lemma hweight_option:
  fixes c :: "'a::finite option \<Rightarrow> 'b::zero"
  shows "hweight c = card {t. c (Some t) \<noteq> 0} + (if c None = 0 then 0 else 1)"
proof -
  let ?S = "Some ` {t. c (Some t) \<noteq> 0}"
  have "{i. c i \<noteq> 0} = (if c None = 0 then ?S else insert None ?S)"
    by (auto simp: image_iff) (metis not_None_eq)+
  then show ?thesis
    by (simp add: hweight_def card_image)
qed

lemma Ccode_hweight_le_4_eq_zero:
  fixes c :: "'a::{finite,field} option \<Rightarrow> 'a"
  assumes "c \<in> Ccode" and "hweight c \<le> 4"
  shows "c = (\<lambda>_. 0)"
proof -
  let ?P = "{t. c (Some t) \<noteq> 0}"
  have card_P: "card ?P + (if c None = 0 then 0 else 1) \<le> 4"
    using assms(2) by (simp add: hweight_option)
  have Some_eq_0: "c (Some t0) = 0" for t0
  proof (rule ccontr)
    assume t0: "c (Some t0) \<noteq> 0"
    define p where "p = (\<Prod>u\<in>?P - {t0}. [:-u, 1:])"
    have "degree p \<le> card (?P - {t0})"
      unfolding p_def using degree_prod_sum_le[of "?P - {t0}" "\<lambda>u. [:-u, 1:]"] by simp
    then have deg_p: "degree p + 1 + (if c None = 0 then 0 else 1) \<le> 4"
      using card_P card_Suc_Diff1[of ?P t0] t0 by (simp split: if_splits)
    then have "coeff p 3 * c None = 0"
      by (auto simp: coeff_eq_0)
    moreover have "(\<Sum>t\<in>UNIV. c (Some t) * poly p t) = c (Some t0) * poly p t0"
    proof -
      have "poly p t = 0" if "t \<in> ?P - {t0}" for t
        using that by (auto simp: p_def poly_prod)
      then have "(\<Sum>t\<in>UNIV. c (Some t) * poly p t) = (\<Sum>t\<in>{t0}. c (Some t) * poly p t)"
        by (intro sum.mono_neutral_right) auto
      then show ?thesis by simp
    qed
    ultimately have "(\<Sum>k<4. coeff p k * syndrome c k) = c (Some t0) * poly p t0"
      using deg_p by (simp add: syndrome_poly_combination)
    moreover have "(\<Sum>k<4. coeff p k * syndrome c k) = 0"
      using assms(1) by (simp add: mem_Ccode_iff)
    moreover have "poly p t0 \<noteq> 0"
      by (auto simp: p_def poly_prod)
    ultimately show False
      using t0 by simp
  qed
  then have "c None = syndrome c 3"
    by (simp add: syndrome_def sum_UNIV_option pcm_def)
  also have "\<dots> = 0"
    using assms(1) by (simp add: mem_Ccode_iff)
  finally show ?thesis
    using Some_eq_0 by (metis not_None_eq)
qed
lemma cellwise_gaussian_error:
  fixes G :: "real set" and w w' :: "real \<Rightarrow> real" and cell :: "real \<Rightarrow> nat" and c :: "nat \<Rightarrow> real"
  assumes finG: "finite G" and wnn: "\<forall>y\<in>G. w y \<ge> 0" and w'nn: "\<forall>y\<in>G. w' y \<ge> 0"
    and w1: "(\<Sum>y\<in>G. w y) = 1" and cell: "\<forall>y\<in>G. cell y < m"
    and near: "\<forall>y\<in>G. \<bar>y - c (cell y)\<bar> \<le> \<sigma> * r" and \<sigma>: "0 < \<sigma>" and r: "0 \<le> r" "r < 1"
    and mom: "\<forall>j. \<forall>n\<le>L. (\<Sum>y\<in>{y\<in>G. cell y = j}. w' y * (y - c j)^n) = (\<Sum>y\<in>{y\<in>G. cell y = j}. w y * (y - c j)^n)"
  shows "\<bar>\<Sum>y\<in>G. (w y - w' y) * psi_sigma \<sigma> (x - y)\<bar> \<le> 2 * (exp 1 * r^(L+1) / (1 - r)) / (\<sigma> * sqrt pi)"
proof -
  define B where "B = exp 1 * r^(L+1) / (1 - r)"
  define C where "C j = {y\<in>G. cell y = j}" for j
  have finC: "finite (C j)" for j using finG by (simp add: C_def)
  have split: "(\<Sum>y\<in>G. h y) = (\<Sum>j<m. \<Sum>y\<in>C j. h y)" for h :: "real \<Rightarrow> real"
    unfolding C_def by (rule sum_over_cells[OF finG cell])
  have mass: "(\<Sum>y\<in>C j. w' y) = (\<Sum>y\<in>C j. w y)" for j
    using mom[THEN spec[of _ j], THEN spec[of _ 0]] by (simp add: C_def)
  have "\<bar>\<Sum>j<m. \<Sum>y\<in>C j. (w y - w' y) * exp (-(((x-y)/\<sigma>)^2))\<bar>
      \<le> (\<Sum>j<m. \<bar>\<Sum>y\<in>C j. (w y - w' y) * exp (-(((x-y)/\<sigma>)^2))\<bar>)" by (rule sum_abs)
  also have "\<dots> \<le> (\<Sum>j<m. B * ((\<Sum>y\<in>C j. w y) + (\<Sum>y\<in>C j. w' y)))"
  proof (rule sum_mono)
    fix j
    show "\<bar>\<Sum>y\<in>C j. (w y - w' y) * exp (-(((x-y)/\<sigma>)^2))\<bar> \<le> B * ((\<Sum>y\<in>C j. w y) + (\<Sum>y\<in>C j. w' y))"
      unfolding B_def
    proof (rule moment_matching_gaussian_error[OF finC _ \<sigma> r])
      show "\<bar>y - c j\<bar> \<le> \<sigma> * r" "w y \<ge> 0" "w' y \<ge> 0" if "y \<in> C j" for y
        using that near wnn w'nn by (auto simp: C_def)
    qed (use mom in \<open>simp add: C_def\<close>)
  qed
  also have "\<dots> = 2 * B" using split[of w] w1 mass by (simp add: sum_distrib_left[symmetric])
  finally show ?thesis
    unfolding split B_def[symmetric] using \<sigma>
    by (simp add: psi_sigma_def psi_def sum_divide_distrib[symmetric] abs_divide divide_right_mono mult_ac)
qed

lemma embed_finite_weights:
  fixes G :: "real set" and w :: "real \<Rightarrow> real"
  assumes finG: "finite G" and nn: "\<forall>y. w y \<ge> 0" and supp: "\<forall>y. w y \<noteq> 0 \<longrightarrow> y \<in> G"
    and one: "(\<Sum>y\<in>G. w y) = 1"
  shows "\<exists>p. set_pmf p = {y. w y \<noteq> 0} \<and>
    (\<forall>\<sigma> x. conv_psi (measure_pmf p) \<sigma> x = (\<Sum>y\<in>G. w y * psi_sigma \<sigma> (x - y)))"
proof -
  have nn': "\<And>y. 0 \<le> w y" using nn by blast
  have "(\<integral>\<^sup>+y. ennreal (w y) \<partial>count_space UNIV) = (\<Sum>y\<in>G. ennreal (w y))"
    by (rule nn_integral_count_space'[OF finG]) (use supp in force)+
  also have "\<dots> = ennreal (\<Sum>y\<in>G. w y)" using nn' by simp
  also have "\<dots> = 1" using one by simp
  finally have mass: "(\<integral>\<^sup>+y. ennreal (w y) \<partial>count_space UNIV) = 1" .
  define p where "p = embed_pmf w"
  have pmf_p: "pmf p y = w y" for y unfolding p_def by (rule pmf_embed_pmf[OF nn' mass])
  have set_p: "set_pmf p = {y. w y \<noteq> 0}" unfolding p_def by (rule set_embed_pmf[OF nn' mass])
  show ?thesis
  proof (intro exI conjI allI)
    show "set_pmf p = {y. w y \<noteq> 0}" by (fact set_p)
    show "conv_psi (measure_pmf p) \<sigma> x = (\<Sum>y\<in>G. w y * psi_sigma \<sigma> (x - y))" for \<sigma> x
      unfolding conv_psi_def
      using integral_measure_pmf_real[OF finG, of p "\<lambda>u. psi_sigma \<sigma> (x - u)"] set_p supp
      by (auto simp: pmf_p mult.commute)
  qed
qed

==*==

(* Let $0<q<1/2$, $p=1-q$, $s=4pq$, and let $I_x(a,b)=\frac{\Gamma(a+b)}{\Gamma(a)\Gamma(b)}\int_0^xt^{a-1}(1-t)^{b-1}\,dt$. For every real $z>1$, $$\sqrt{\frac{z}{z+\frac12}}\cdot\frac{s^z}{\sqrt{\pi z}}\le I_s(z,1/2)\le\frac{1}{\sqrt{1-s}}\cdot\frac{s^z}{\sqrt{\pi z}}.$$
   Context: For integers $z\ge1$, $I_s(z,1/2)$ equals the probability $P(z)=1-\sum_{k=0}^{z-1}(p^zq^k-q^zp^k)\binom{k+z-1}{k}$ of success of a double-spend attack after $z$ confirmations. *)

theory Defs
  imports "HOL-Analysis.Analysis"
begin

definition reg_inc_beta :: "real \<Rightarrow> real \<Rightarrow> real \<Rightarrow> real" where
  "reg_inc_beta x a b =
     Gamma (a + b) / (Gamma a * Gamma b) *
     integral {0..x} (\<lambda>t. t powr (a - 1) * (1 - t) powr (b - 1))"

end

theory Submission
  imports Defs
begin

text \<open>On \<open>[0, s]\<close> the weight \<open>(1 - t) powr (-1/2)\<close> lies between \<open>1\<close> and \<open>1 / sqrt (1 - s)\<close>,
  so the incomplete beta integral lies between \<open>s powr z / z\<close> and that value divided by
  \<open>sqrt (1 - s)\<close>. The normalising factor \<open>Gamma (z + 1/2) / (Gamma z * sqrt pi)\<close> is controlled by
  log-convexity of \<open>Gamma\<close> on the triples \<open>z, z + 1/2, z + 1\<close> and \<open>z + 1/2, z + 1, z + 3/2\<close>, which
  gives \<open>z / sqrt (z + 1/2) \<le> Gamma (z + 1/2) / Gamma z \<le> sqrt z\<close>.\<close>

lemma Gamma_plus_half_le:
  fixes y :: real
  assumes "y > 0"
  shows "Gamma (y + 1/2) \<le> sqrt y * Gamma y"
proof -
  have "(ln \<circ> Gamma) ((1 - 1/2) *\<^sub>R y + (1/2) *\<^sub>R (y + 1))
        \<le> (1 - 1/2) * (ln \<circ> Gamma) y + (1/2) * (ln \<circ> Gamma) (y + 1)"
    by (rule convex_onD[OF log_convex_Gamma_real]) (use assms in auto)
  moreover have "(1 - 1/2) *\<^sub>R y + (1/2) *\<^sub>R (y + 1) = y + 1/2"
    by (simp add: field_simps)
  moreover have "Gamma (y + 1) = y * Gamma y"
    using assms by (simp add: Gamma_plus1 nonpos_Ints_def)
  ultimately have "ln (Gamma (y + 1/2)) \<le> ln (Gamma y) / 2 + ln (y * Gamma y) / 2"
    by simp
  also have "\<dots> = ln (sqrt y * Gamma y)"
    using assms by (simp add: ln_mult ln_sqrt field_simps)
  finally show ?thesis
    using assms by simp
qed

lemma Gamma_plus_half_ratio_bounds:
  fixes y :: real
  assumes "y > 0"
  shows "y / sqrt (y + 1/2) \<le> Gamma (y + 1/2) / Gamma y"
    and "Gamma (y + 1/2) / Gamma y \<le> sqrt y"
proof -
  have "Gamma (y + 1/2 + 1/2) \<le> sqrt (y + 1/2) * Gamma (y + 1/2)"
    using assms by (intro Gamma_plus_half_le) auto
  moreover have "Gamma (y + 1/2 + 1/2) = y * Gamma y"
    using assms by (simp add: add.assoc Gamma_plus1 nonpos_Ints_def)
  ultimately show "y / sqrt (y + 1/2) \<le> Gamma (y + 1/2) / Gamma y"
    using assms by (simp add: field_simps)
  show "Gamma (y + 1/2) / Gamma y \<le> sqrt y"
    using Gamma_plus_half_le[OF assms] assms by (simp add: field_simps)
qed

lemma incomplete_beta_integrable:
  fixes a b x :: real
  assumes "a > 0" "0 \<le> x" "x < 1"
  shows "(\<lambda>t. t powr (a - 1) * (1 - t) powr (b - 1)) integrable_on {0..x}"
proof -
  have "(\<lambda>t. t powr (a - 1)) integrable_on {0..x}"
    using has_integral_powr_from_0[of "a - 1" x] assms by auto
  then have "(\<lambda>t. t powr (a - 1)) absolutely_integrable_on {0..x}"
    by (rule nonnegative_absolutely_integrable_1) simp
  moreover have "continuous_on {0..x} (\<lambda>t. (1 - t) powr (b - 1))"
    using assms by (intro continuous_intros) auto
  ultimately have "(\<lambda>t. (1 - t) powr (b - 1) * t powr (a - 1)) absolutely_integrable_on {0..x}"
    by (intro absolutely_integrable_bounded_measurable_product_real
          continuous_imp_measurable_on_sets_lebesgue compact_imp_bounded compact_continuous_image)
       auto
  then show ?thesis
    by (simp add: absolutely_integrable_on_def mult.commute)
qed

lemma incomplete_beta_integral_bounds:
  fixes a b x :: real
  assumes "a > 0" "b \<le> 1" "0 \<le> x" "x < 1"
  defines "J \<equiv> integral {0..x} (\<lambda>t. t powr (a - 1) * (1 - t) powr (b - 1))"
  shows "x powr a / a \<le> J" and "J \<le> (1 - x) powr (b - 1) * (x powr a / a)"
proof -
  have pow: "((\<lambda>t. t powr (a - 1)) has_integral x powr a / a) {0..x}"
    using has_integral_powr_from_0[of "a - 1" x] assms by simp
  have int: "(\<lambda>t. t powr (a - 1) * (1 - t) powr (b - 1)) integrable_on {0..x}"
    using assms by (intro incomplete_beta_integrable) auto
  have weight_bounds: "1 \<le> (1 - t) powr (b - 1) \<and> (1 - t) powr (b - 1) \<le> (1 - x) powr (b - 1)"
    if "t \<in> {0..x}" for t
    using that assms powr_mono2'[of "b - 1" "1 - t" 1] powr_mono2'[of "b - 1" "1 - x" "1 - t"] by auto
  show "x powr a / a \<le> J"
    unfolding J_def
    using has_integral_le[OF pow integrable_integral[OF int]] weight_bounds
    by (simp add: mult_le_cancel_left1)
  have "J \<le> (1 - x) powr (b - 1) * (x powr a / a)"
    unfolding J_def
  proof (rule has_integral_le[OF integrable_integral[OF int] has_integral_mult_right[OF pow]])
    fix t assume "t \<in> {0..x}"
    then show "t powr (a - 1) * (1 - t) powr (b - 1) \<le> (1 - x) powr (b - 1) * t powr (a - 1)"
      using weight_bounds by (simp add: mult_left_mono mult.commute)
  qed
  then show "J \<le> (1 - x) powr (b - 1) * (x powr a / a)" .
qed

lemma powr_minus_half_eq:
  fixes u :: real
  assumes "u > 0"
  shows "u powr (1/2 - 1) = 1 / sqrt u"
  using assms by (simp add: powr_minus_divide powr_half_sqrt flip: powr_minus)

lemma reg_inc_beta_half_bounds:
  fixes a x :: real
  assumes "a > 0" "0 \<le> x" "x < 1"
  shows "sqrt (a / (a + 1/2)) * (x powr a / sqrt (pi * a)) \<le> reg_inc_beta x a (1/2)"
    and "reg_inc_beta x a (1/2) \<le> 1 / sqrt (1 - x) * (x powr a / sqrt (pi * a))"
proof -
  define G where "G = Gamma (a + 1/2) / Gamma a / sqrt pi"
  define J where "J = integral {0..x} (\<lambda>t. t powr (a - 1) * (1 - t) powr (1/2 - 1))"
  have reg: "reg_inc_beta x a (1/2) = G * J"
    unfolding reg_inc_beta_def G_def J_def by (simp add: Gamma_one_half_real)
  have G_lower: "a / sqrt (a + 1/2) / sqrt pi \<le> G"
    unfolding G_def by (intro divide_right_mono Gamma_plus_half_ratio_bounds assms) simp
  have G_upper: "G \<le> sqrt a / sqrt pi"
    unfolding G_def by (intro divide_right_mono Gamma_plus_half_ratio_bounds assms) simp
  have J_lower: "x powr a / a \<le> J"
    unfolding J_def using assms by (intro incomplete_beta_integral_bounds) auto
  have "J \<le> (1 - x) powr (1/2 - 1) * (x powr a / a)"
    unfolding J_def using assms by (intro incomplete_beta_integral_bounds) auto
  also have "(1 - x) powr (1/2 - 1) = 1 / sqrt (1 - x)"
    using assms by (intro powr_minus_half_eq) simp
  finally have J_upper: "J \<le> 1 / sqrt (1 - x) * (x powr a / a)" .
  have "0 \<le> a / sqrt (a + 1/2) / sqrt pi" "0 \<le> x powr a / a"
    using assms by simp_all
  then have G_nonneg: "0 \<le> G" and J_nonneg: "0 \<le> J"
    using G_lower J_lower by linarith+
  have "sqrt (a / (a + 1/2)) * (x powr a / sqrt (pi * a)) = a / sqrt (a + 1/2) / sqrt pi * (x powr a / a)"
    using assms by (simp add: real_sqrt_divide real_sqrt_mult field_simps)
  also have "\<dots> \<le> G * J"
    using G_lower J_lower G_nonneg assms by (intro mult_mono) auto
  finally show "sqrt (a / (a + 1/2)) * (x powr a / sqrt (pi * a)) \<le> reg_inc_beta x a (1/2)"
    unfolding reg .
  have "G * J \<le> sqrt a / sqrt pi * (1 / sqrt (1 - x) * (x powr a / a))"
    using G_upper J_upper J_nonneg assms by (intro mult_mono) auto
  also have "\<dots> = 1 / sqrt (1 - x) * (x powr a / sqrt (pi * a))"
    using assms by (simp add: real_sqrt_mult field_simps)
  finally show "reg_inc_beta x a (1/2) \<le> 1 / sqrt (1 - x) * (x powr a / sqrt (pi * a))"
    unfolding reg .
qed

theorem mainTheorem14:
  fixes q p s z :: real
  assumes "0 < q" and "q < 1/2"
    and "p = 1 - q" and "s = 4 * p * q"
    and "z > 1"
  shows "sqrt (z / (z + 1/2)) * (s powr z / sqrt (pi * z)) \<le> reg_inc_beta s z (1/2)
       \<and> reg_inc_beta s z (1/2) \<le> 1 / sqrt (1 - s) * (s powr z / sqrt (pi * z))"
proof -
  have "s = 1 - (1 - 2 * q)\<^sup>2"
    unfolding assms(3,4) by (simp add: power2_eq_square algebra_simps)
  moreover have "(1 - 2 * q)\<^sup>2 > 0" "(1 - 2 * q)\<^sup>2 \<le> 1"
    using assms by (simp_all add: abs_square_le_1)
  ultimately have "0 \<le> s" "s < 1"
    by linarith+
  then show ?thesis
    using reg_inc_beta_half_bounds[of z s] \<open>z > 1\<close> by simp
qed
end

==*==

— Task instructions —
Across the records, count the lines that contain the word "linarith" and give that figure alone.

— Task solution —
2